L'Encyclopédie
Accueil · Art & Culture · Peinture

L'Arte Povera

Art & Culture → Peinture → Mouvement (Italie, v. 1967-1972) — Le terme Arte Povera (« art pauvre ») est forgé en 1967 par le critique italien Germano Celant.

Art & Culture → Peinture → Mouvement (Italie, v. 1967-1972)


Enjeu global

Le terme Arte Povera (« art pauvre ») est forgé en 1967 par le critique italien Germano Celant. Le mouvement rassemble des artistes italiens — Michelangelo Pistoletto, Mario Merz, Jannis Kounellis, Giuseppe Penone, Giovanni Anselmo, Alighiero Boetti — qui refusent le tableau, la technologie et surtout la logique du marché de l’art. Contre l’industrie culturelle et le Pop, ils privilégient des matériaux bruts, naturels et humbles (terre, pierre, tissu, charbon, plantes vivantes, néon) pour retrouver un contact direct, presque alchimique, entre l’énergie de la matière et l’expérience.

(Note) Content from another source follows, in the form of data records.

(* Comprehension $\sqsubseteq$ is a preorder (reflexive and transitive relation) on the set of splitting maps on a finite-dimensional Hilbert space $\mathcal H$.
   Context: A splitting map on $\mathcal H$ is an isometry $\chi:\mathcal H\to\mathcal H_L^\chi\otimes\mathcal H_R^\chi$ for some finite-dimensional Hilbert spaces $\mathcal H_L^\chi,\mathcal H_R^\chi$. For splitting maps $\zeta,\chi$ on $\mathcal H$, $\zeta\sqsubseteq\chi$ ($\zeta$ is comprehended in $\chi$) if there exist a Hilbert space $\mathcal H_M$ and isometries $\bullet:\mathcal H_R^\zeta\to\mathcal H_M\otimes\mathcal H_R^\chi$ and $\circ:\mathcal H_L^\chi\to\mathcal H_L^\zeta\otimes\mathcal H_M$ such that $(\mathbb 1_{\mathcal H_L^\zeta}\otimes\bullet)\zeta=(\circ\otimes\mathbb 1_{\mathcal H_R^\chi})\chi$ as maps $\mathcal H\to\mathcal H_L^\zeta\otimes\mathcal H_M\otimes\mathcal H_R^\chi$. *)

theory Defs
  imports Complex_Main "Jordan_Normal_Form.Matrix"
begin

text \<open>A finite-dimensional Hilbert space is modelled (up to unitary isomorphism) as
  C^n with its standard inner product; linear maps are complex matrices.
  Tensor products C^a (x) C^b = C^(a*b) via the Kronecker product
  (basis e_i (x) e_j corresponds to index i*b + j).\<close>

definition cadj :: "complex mat \<Rightarrow> complex mat" where
  "cadj A = mat (dim_col A) (dim_row A) (\<lambda>(i,j). cnj (A $$ (j,i)))"

definition kron :: "complex mat \<Rightarrow> complex mat \<Rightarrow> complex mat" where
  "kron A B = mat (dim_row A * dim_row B) (dim_col A * dim_col B)
     (\<lambda>(i,j). A $$ (i div dim_row B, j div dim_col B) * B $$ (i mod dim_row B, j mod dim_col B))"

definition isometry :: "nat \<Rightarrow> nat \<Rightarrow> complex mat \<Rightarrow> bool" where
  "isometry n m V \<longleftrightarrow> V \<in> carrier_mat m n \<and> cadj V * V = 1\<^sub>m n"

text \<open>A splitting map on C^n: a triple (dL, dR, V) with V : C^n -> C^dL (x) C^dR an isometry.\<close>
type_synonym splitting = "nat \<times> nat \<times> complex mat"

definition splitting_map :: "nat \<Rightarrow> splitting \<Rightarrow> bool" where
  "splitting_map n s \<longleftrightarrow> (case s of (dL, dR, V) \<Rightarrow> isometry n (dL * dR) V)"

definition splitting_maps :: "nat \<Rightarrow> splitting set" where
  "splitting_maps n = {s. splitting_map n s}"

definition comprehended :: "splitting \<Rightarrow> splitting \<Rightarrow> bool" where
  "comprehended \<zeta> \<chi> \<longleftrightarrow> (case \<zeta> of (zL, zR, Z) \<Rightarrow> case \<chi> of (xL, xR, X) \<Rightarrow>
     (\<exists>dM bul cir. isometry zR (dM * xR) bul \<and> isometry xL (zL * dM) cir \<and>
        kron (1\<^sub>m zL) bul * Z = kron cir (1\<^sub>m xR) * X))"

definition comprehension_rel :: "nat \<Rightarrow> (splitting \<times> splitting) set" where
  "comprehension_rel n = {(\<zeta>, \<chi>). \<zeta> \<in> splitting_maps n \<and> \<chi> \<in> splitting_maps n \<and> comprehended \<zeta> \<chi>}"

end

theory Submission
  imports Defs
begin

text \<open>Reflexivity is witnessed by the trivial middle space \<open>\<complex>\<^sup>1\<close> and identity maps.
  For transitivity, if \<open>\<zeta> \<sqsubseteq> \<chi>\<close> via \<open>(M\<^sub>1, \<bullet>\<^sub>1, \<circ>\<^sub>1)\<close> and \<open>\<chi> \<sqsubseteq> \<xi>\<close> via \<open>(M\<^sub>2, \<bullet>\<^sub>2, \<circ>\<^sub>2)\<close>,
  then \<open>\<zeta> \<sqsubseteq> \<xi>\<close> via \<open>M\<^sub>1 \<otimes> M\<^sub>2\<close> with \<open>\<bullet> = (1 \<otimes> \<bullet>\<^sub>2) \<bullet>\<^sub>1\<close> and \<open>\<circ> = (\<circ>\<^sub>1 \<otimes> 1) \<circ>\<^sub>2\<close>.
  Both are isometries, and the required identity follows from the two given ones because
  \<open>1 \<otimes> \<bullet>\<^sub>2\<close> and \<open>\<circ>\<^sub>1 \<otimes> 1\<close> act on different tensor factors and therefore commute.\<close>

lemma sum_lessThan_mult_nat:
  "(\<Sum>k<p*q. f k) = (\<Sum>i<p. \<Sum>j<q. f (i*q+j::nat))"
proof -
  have "(\<Sum>k<p*q. f k) = (\<Sum>i<p. sum f {i*q..<i*q+q})" by (rule sum.nat_group[symmetric])
  also have "\<dots> = (\<Sum>i<p. \<Sum>j<q. f (i*q+j))"
    by (simp add: sum.atLeastLessThan_shift_0[of f "i*q" "i*q+q" for i] atLeast0LessThan)
  finally show ?thesis .
qed

lemma index_kron:
  "i < dim_row A * dim_row B \<Longrightarrow> j < dim_col A * dim_col B \<Longrightarrow>
   kron A B $$ (i,j) = A $$ (i div dim_row B, j div dim_col B) * B $$ (i mod dim_row B, j mod dim_col B)"
  by (simp add: kron_def)

lemma dim_kron [simp]:
  "dim_row (kron A B) = dim_row A * dim_row B"
  "dim_col (kron A B) = dim_col A * dim_col B"
  by (simp_all add: kron_def)

lemma kron_carrier_mat:
  "A \<in> carrier_mat a b \<Longrightarrow> B \<in> carrier_mat c d \<Longrightarrow> kron A B \<in> carrier_mat (a*c) (b*d)"
  by auto

lemma kron_one_one: "kron (1\<^sub>m a) (1\<^sub>m b) = 1\<^sub>m (a*b)"
proof (rule eq_matI)
  fix i j assume "i < dim_row (1\<^sub>m (a*b))" and "j < dim_col (1\<^sub>m (a*b))"
  then have ij: "i < a*b" "j < a*b" by auto
  then have "0 < b" by (auto intro!: gr0I)
  moreover have "i div b = j div b \<and> i mod b = j mod b \<longleftrightarrow> i = j"
    by (metis div_mult_mod_eq)
  ultimately show "kron (1\<^sub>m a) (1\<^sub>m b) $$ (i,j) = 1\<^sub>m (a*b) $$ (i,j)"
    using ij by (auto simp: index_kron less_mult_imp_div_less)
qed auto

lemma mod_mult_div_nat: "(i::nat) mod (c*b) div c = i div c mod b"
  by (cases "c = 0") (simp_all add: mod_mult2_eq)

lemma mod_mult_mod_nat: "(i::nat) mod (c*b) mod c = i mod c"
  by (simp add: mod_mod_cancel)

lemma kron_assoc: "kron (kron A B) C = kron A (kron B C)"
proof (rule eq_matI)
  fix i j assume "i < dim_row (kron A (kron B C))" and "j < dim_col (kron A (kron B C))"
  then have i: "i < dim_row A * (dim_row B * dim_row C)" and j: "j < dim_col A * (dim_col B * dim_col C)"
    by auto
  then have "0 < dim_row C" "0 < dim_col C" "0 < dim_row B" "0 < dim_col B"
    by (auto intro!: gr0I)
  with i j show "kron (kron A B) C $$ (i,j) = kron A (kron B C) $$ (i,j)"
    by (simp add: index_kron less_mult_imp_div_less mult.assoc mod_mult_div_nat mod_mult_mod_nat
        div_mult2_eq mult.commute[of "dim_row B"] mult.commute[of "dim_col B"])
qed auto

lemma dim_cadj [simp]: "dim_row (cadj A) = dim_col A" "dim_col (cadj A) = dim_row A"
  by (simp_all add: cadj_def)

lemma index_cadj: "i < dim_col A \<Longrightarrow> j < dim_row A \<Longrightarrow> cadj A $$ (i,j) = cnj (A $$ (j,i))"
  by (simp add: cadj_def)

lemma cadj_one [simp]: "cadj (1\<^sub>m n) = 1\<^sub>m n"
  by (rule eq_matI) (auto simp: cadj_def)

lemma cadj_mult: "A \<in> carrier_mat a b \<Longrightarrow> B \<in> carrier_mat b c \<Longrightarrow> cadj (A * B) = cadj B * cadj A"
  by (rule eq_matI) (auto simp: cadj_def scalar_prod_def mult.commute intro!: sum.cong)

lemma cadj_kron: "cadj (kron A B) = kron (cadj A) (cadj B)"
proof (rule eq_matI)
  fix i j assume "i < dim_row (kron (cadj A) (cadj B))" and "j < dim_col (kron (cadj A) (cadj B))"
  then have i: "i < dim_col A * dim_col B" and j: "j < dim_row A * dim_row B" by auto
  then have "0 < dim_col B" "0 < dim_row B" by (auto intro!: gr0I)
  with i j show "cadj (kron A B) $$ (i,j) = kron (cadj A) (cadj B) $$ (i,j)"
    by (simp add: index_cadj index_kron less_mult_imp_div_less)
qed auto

lemma kron_mult:
  assumes "A \<in> carrier_mat a b" "B \<in> carrier_mat c d" "C \<in> carrier_mat b e" "D \<in> carrier_mat d f"
  shows "kron A B * kron C D = kron (A * C) (B * D)"
proof (rule eq_matI)
  fix i j assume "i < dim_row (kron (A * C) (B * D))" and "j < dim_col (kron (A * C) (B * D))"
  then have i: "i < a * c" and j: "j < e * f" using assms by auto
  then have "0 < c" "0 < f" by (auto intro!: gr0I)
  have "(kron A B * kron C D) $$ (i,j) = (\<Sum>k<b*d. kron A B $$ (i,k) * kron C D $$ (k,j))"
    using i j assms by (simp add: scalar_prod_def lessThan_atLeast0 kron_def)
  also have "\<dots> = (\<Sum>x<b. \<Sum>y<d. kron A B $$ (i, x*d+y) * kron C D $$ (x*d+y, j))"
    by (rule sum_lessThan_mult_nat)
  also have "\<dots> = (\<Sum>x<b. \<Sum>y<d. (A $$ (i div c, x) * C $$ (x, j div f)) *
                                 (B $$ (i mod c, y) * D $$ (y, j mod f)))"
  proof (intro sum.cong refl)
    fix x y assume x: "x \<in> {..<b}" and y: "y \<in> {..<d}"
    then have "x*d+y < b*d" by (auto intro: less_le_trans[OF _ mult_le_mono1[of "Suc x" b d]])
    then show "kron A B $$ (i, x*d+y) * kron C D $$ (x*d+y, j) =
      (A $$ (i div c, x) * C $$ (x, j div f)) * (B $$ (i mod c, y) * D $$ (y, j mod f))"
      using i j y assms by (simp add: index_kron)
  qed
  also have "\<dots> = (\<Sum>x<b. A $$ (i div c, x) * C $$ (x, j div f)) *
                  (\<Sum>y<d. B $$ (i mod c, y) * D $$ (y, j mod f))"
    by (simp add: sum_product)
  also have "\<dots> = kron (A * C) (B * D) $$ (i,j)"
    using i j assms \<open>0 < c\<close> \<open>0 < f\<close>
    by (simp add: index_kron less_mult_imp_div_less scalar_prod_def lessThan_atLeast0)
  finally show "(kron A B * kron C D) $$ (i,j) = kron (A * C) (B * D) $$ (i,j)" .
qed (use assms in auto)

lemma assoc_mult_mat_dims:
  "dim_col A = dim_row B \<Longrightarrow> dim_col B = dim_row C \<Longrightarrow> A * B * C = A * (B * C)"
  by (rule assoc_mult_mat[of A _ _ B _ C]) auto

lemma kron_one_left_mult_kron_one_right:
  assumes "A \<in> carrier_mat a b" "B \<in> carrier_mat c d"
  shows "kron (1\<^sub>m a) B * kron A (1\<^sub>m d) = kron A B"
  using kron_mult[of "1\<^sub>m a" a a B c d A b "1\<^sub>m d" d] assms by simp

lemma kron_one_right_mult_kron_one_left:
  assumes "A \<in> carrier_mat a b" "B \<in> carrier_mat c d"
  shows "kron A (1\<^sub>m c) * kron (1\<^sub>m b) B = kron A B"
  using kron_mult[of A a b "1\<^sub>m c" c c "1\<^sub>m b" b B d] assms by simp

lemma isometry_one: "isometry n n (1\<^sub>m n)"
  by (simp add: isometry_def)

lemma isometry_mult:
  assumes "isometry n m V" "isometry m k W"
  shows "isometry n k (W * V)"
proof -
  have V: "V \<in> carrier_mat m n" "cadj V * V = 1\<^sub>m n" and W: "W \<in> carrier_mat k m" "cadj W * W = 1\<^sub>m m"
    using assms by (auto simp: isometry_def)
  have "cadj (W * V) * (W * V) = cadj V * ((cadj W * W) * V)"
    using V(1) W(1) by (simp add: cadj_mult assoc_mult_mat_dims)
  then show ?thesis
    using V W by (simp add: isometry_def)
qed

lemma isometry_kron:
  assumes "isometry n m V" "isometry n' m' W"
  shows "isometry (n*n') (m*m') (kron V W)"
proof -
  have V: "V \<in> carrier_mat m n" "cadj V * V = 1\<^sub>m n" and W: "W \<in> carrier_mat m' n'" "cadj W * W = 1\<^sub>m n'"
    using assms by (auto simp: isometry_def)
  have "cadj (kron V W) * kron V W = kron (cadj V * V) (cadj W * W)"
    unfolding cadj_kron using V(1) W(1) by (intro kron_mult) auto
  then show ?thesis
    using V W by (simp add: isometry_def kron_one_one kron_carrier_mat)
qed

lemma comprehended_refl: "comprehended s s"
proof -
  obtain dL dR V where s: "s = (dL, dR, V)" by (cases s)
  show ?thesis
    unfolding s comprehended_def prod.case
    by (intro exI[of _ 1] exI[of _ "1\<^sub>m dR"] exI[of _ "1\<^sub>m dL"] conjI) (simp_all add: isometry_one)
qed

lemma comprehension_eq_trans:
  assumes Z: "Z \<in> carrier_mat (zL*zR) n" and X: "X \<in> carrier_mat (xL*xR) n" and Y: "Y \<in> carrier_mat (yL*yR) n"
    and B1: "B1 \<in> carrier_mat (m1*xR) zR" and C1: "C1 \<in> carrier_mat (zL*m1) xL"
    and B2: "B2 \<in> carrier_mat (m2*yR) xR" and C2: "C2 \<in> carrier_mat (xL*m2) yL"
    and e1: "kron (1\<^sub>m zL) B1 * Z = kron C1 (1\<^sub>m xR) * X"
    and e2: "kron (1\<^sub>m xL) B2 * X = kron C2 (1\<^sub>m yR) * Y"
  shows "kron (1\<^sub>m zL) (kron (1\<^sub>m m1) B2 * B1) * Z = kron (kron C1 (1\<^sub>m m2) * C2) (1\<^sub>m yR) * Y"
proof -
  have bul: "kron (1\<^sub>m zL) (kron (1\<^sub>m m1) B2 * B1) = kron (1\<^sub>m (zL*m1)) B2 * kron (1\<^sub>m zL) B1"
    using kron_mult[of "1\<^sub>m zL" zL zL "kron (1\<^sub>m m1) B2" "m1*(m2*yR)" "m1*xR" "1\<^sub>m zL" zL B1 zR] B1 B2
    by (simp add: kron_assoc[symmetric] kron_one_one kron_carrier_mat)
  have cir: "kron C1 (1\<^sub>m (m2*yR)) * kron C2 (1\<^sub>m yR) = kron (kron C1 (1\<^sub>m m2) * C2) (1\<^sub>m yR)"
    using kron_mult[of "kron C1 (1\<^sub>m m2)" "zL*m1*m2" "xL*m2" "1\<^sub>m yR" yR yR C2 yL "1\<^sub>m yR" yR] C1 C2
    by (simp add: kron_assoc kron_one_one kron_carrier_mat)
  have "kron (1\<^sub>m zL) (kron (1\<^sub>m m1) B2 * B1) * Z = kron (1\<^sub>m (zL*m1)) B2 * (kron (1\<^sub>m zL) B1 * Z)"
    using B1 B2 Z by (simp add: bul assoc_mult_mat_dims)
  also have "\<dots> = kron (1\<^sub>m (zL*m1)) B2 * kron C1 (1\<^sub>m xR) * X"
    using B2 C1 X by (simp add: e1 assoc_mult_mat_dims)
  also have "\<dots> = kron C1 B2 * X"
    by (simp add: kron_one_left_mult_kron_one_right[OF C1 B2])
  also have "\<dots> = kron C1 (1\<^sub>m (m2*yR)) * kron (1\<^sub>m xL) B2 * X"
    by (simp add: kron_one_right_mult_kron_one_left[OF C1 B2])
  also have "\<dots> = kron C1 (1\<^sub>m (m2*yR)) * kron C2 (1\<^sub>m yR) * Y"
    using B2 C1 C2 X Y by (simp add: e2[symmetric] assoc_mult_mat_dims)
  also have "\<dots> = kron (kron C1 (1\<^sub>m m2) * C2) (1\<^sub>m yR) * Y"
    by (simp add: cir)
  finally show ?thesis .
qed

lemma comprehended_trans:
  assumes "splitting_map n \<zeta>" "splitting_map n \<chi>" "splitting_map n \<xi>"
    and "comprehended \<zeta> \<chi>" "comprehended \<chi> \<xi>"
  shows "comprehended \<zeta> \<xi>"
proof -
  obtain zL zR Z where \<zeta>: "\<zeta> = (zL, zR, Z)" by (cases \<zeta>)
  obtain xL xR X where \<chi>: "\<chi> = (xL, xR, X)" by (cases \<chi>)
  obtain yL yR Y where \<xi>: "\<xi> = (yL, yR, Y)" by (cases \<xi>)
  from assms(4) obtain m1 B1 C1 where B1: "isometry zR (m1 * xR) B1" and C1: "isometry xL (zL * m1) C1"
    and e1: "kron (1\<^sub>m zL) B1 * Z = kron C1 (1\<^sub>m xR) * X"
    unfolding \<zeta> \<chi> comprehended_def by auto
  from assms(5) obtain m2 B2 C2 where B2: "isometry xR (m2 * yR) B2" and C2: "isometry yL (xL * m2) C2"
    and e2: "kron (1\<^sub>m xL) B2 * X = kron C2 (1\<^sub>m yR) * Y"
    unfolding \<chi> \<xi> comprehended_def by auto
  have "isometry zR ((m1 * m2) * yR) (kron (1\<^sub>m m1) B2 * B1)"
    using isometry_mult[OF B1 isometry_kron[OF isometry_one B2, of m1]] by (simp add: mult.assoc)
  moreover have "isometry yL (zL * (m1 * m2)) (kron C1 (1\<^sub>m m2) * C2)"
    using isometry_mult[OF C2 isometry_kron[OF C1 isometry_one, of m2]] by (simp add: mult.assoc)
  moreover have "kron (1\<^sub>m zL) (kron (1\<^sub>m m1) B2 * B1) * Z = kron (kron C1 (1\<^sub>m m2) * C2) (1\<^sub>m yR) * Y"
    using assms(1-3) B1 C1 B2 C2
    by (intro comprehension_eq_trans[OF _ _ _ _ _ _ _ e1 e2])
       (auto simp: \<zeta> \<chi> \<xi> splitting_map_def isometry_def)
  ultimately show ?thesis
    unfolding \<zeta> \<xi> comprehended_def by auto
qed

theorem mainTheorem6:
  fixes n :: nat
  shows "preorder_on (splitting_maps n) (comprehension_rel n)"
  unfolding preorder_on_def
proof (intro conjI)
  show "comprehension_rel n \<subseteq> splitting_maps n \<times> splitting_maps n"
    by (auto simp: comprehension_rel_def)
  show "refl_on (splitting_maps n) (comprehension_rel n)"
    by (rule refl_onI) (simp add: comprehension_rel_def comprehended_refl)
  show "trans (comprehension_rel n)"
    by (rule transI) (auto simp: comprehension_rel_def splitting_maps_def intro: comprehended_trans)
qed

end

Caractéristiques objectives (techniques)

  • Emploi de matériaux pauvres : terre, chiffons, bois, métal, verre, végétaux, animaux vivants, néon.
  • Formes proches de l’installation et de la sculpture plutôt que de la peinture de chevalet.
  • Kounellis : Cavalli (douze chevaux vivants dans une galerie, 1969).
  • Mario Merz : les igloos et la suite de Fibonacci en néon ; Pistoletto : la Vénus aux chiffons (1967).

Caractéristiques subjectives (l’esprit)

Un art anti-marché, processuel et vitaliste, qui valorise le temps, la nature et l’énergie plutôt que l’objet fini et marchandisable. Une critique poétique de la société industrielle.

Thèses et débats

1. Pauvreté des moyens, richesse du sens

  • Thèse : l’humilité du matériau libère l’art de la valeur marchande. Contradicteur : le paradoxe d’œuvres devenues cotées et muséales.

2. Face au Nouveau Réalisme et au Pop art

  • Thèse : là où le Pop célèbre l’objet de consommation, l’Arte Povera lui oppose la nature brute et le processus.